WHAT TO WORK ON: Keep only the lines that hold the string "rule", filtering out the rest of the entries below.

DATA:
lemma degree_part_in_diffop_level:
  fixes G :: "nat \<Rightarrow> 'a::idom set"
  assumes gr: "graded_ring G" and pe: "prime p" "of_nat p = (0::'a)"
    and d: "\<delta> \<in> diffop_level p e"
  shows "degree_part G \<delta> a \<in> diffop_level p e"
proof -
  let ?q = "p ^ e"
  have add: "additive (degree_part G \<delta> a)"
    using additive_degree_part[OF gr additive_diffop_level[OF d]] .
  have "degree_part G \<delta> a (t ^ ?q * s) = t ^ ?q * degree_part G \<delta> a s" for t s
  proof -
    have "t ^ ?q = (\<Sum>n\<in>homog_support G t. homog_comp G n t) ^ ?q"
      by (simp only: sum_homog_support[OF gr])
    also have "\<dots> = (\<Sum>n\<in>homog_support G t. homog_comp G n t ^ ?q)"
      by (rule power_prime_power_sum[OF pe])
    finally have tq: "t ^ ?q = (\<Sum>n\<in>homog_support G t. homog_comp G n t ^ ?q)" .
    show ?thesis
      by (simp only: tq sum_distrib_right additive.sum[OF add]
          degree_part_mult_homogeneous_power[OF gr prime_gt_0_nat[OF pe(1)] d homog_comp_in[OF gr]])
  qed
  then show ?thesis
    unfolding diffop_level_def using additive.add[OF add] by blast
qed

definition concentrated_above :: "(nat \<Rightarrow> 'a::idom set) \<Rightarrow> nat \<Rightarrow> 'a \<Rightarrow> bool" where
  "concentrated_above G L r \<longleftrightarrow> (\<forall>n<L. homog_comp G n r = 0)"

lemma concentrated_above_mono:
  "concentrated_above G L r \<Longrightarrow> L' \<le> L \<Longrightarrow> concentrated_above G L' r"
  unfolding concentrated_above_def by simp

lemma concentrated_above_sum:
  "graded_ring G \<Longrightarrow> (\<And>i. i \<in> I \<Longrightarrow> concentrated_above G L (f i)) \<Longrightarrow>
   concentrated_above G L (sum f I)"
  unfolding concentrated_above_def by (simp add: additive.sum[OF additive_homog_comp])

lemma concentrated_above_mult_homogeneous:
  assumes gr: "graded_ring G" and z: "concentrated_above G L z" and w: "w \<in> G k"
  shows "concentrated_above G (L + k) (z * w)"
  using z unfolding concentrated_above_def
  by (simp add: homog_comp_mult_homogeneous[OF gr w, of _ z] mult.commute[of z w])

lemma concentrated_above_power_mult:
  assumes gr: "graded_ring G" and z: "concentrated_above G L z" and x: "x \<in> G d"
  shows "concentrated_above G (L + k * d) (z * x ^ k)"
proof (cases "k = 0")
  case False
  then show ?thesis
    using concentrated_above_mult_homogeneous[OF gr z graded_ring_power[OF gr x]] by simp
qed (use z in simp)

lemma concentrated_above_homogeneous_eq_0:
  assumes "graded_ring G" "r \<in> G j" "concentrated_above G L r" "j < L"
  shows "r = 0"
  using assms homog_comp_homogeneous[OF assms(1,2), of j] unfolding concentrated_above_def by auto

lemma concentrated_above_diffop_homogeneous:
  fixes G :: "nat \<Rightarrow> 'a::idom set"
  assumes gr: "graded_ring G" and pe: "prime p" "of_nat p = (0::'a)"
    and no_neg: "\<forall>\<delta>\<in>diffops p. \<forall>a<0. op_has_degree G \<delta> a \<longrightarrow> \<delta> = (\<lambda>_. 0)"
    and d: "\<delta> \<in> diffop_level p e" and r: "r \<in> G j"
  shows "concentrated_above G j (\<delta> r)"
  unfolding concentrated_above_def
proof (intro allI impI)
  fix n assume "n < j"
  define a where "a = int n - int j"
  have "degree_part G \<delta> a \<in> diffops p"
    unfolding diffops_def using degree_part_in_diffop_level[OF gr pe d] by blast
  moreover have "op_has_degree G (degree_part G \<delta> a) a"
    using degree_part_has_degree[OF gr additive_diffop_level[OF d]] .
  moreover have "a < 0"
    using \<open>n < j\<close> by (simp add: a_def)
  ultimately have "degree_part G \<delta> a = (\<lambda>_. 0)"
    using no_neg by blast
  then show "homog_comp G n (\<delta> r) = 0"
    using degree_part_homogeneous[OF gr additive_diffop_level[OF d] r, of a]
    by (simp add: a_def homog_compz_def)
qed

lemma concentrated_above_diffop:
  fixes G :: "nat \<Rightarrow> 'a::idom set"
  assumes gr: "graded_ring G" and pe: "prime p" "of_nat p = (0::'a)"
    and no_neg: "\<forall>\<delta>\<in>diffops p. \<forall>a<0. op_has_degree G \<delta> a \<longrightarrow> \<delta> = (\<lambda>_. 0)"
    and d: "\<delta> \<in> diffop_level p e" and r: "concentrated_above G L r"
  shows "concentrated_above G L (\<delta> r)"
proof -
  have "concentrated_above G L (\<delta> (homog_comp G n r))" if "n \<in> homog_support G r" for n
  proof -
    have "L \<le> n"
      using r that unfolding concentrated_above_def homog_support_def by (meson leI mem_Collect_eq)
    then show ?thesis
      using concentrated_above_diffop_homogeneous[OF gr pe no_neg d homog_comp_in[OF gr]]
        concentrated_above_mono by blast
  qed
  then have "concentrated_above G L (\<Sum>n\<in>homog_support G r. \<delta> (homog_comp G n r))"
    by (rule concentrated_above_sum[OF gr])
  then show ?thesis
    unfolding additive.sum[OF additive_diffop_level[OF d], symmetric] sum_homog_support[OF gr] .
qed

TASK ANSWER:
      by (rule power_prime_power_sum[OF pe])
    by (rule concentrated_above_sum[OF gr])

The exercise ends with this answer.